'''

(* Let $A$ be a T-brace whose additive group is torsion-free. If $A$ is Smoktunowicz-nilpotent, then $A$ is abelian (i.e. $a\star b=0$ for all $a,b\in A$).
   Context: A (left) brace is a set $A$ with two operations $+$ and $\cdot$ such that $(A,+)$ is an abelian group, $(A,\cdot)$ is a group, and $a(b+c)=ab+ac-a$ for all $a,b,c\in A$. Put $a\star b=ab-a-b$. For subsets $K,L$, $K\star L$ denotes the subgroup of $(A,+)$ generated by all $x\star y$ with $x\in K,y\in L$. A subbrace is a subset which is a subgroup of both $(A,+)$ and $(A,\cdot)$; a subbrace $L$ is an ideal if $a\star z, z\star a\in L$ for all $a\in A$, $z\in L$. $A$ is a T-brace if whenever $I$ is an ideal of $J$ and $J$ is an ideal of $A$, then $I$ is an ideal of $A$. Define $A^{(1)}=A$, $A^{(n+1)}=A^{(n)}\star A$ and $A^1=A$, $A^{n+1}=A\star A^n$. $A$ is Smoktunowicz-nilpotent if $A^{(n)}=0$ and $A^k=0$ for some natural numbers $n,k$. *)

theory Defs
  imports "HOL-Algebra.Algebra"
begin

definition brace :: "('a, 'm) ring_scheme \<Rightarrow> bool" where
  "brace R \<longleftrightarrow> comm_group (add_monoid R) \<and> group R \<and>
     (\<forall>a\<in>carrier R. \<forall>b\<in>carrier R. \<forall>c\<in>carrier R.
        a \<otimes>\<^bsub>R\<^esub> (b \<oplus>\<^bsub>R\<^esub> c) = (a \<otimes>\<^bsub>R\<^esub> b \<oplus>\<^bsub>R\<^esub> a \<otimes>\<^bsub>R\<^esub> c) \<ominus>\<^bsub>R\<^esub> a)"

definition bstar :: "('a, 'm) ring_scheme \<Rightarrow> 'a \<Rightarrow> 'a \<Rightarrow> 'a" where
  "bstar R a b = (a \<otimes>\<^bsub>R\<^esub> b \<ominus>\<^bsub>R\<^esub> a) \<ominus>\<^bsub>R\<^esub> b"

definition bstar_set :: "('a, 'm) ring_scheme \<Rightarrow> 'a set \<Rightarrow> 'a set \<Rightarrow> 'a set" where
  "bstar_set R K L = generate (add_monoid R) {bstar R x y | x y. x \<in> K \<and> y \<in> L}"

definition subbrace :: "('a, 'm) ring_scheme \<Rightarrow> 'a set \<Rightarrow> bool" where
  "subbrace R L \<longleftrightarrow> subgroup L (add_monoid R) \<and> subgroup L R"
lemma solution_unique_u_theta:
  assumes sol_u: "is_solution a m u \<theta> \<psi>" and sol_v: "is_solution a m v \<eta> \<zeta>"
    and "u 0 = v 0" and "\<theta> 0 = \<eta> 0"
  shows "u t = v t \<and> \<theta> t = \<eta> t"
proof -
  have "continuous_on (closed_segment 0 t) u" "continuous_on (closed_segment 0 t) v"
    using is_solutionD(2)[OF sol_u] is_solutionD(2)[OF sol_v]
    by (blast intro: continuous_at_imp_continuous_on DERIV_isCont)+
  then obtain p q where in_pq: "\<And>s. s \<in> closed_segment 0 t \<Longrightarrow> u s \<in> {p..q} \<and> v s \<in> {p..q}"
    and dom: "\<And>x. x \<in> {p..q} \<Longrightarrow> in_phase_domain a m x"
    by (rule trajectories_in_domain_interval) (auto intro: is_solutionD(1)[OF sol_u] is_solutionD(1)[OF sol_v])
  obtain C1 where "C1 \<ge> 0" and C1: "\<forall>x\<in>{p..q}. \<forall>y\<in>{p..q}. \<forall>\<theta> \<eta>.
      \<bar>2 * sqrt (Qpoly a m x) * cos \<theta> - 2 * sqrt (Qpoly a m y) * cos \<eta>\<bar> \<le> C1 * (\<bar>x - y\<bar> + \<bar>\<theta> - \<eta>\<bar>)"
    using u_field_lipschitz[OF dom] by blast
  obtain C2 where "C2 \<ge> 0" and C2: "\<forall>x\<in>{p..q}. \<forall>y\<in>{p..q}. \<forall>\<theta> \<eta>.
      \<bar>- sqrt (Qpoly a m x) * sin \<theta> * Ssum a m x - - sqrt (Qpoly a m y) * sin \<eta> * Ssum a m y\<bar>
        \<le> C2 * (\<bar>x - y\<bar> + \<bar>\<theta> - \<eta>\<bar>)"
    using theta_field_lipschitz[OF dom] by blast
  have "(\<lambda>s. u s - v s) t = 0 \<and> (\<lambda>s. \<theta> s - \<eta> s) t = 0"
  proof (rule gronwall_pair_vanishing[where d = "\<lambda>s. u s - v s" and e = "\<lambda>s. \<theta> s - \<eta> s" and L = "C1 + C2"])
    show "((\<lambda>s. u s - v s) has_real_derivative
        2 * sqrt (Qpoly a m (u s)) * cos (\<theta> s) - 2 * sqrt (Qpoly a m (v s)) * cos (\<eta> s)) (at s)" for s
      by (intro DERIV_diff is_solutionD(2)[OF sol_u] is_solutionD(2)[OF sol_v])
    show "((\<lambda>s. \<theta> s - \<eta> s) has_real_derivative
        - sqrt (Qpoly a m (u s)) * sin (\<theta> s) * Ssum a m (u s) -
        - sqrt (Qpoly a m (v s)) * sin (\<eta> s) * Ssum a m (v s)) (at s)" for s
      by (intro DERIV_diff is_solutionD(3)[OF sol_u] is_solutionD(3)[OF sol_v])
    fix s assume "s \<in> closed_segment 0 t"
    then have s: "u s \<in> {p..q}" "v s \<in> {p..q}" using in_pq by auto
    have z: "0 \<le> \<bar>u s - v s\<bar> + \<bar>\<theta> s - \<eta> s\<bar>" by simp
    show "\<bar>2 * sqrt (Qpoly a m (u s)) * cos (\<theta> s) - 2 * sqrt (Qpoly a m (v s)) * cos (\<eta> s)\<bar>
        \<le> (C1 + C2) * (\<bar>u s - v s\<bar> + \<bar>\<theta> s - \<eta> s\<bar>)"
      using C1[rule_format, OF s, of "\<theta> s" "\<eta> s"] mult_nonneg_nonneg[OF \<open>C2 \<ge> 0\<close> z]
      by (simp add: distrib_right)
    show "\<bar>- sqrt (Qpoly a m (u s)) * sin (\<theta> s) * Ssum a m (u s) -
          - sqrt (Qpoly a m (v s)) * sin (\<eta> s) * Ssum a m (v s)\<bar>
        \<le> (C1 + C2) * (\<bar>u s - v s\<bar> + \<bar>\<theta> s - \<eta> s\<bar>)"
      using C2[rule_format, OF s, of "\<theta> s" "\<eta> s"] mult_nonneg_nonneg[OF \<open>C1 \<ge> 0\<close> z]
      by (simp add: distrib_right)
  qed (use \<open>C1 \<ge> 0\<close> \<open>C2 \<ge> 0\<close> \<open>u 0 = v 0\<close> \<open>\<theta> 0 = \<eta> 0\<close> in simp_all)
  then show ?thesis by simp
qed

'''

## Assignment
Give back, verbatim, the lines from the top of the entries above through the line containing "set \<Rightarrow> 'a set".

## Exercise solution
(* Let $A$ be a T-brace whose additive group is torsion-free. If $A$ is Smoktunowicz-nilpotent, then $A$ is abelian (i.e. $a\star b=0$ for all $a,b\in A$).
   Context: A (left) brace is a set $A$ with two operations $+$ and $\cdot$ such that $(A,+)$ is an abelian group, $(A,\cdot)$ is a group, and $a(b+c)=ab+ac-a$ for all $a,b,c\in A$. Put $a\star b=ab-a-b$. For subsets $K,L$, $K\star L$ denotes the subgroup of $(A,+)$ generated by all $x\star y$ with $x\in K,y\in L$. A subbrace is a subset which is a subgroup of both $(A,+)$ and $(A,\cdot)$; a subbrace $L$ is an ideal if $a\star z, z\star a\in L$ for all $a\in A$, $z\in L$. $A$ is a T-brace if whenever $I$ is an ideal of $J$ and $J$ is an ideal of $A$, then $I$ is an ideal of $A$. Define $A^{(1)}=A$, $A^{(n+1)}=A^{(n)}\star A$ and $A^1=A$, $A^{n+1}=A\star A^n$. $A$ is Smoktunowicz-nilpotent if $A^{(n)}=0$ and $A^k=0$ for some natural numbers $n,k$. *)

theory Defs
  imports "HOL-Algebra.Algebra"
begin

definition brace :: "('a, 'm) ring_scheme \<Rightarrow> bool" where
  "brace R \<longleftrightarrow> comm_group (add_monoid R) \<and> group R \<and>
     (\<forall>a\<in>carrier R. \<forall>b\<in>carrier R. \<forall>c\<in>carrier R.
        a \<otimes>\<^bsub>R\<^esub> (b \<oplus>\<^bsub>R\<^esub> c) = (a \<otimes>\<^bsub>R\<^esub> b \<oplus>\<^bsub>R\<^esub> a \<otimes>\<^bsub>R\<^esub> c) \<ominus>\<^bsub>R\<^esub> a)"

definition bstar :: "('a, 'm) ring_scheme \<Rightarrow> 'a \<Rightarrow> 'a \<Rightarrow> 'a" where
  "bstar R a b = (a \<otimes>\<^bsub>R\<^esub> b \<ominus>\<^bsub>R\<^esub> a) \<ominus>\<^bsub>R\<^esub> b"

definition bstar_set :: "('a, 'm) ring_scheme \<Rightarrow> 'a set \<Rightarrow> 'a set \<Rightarrow> 'a set" where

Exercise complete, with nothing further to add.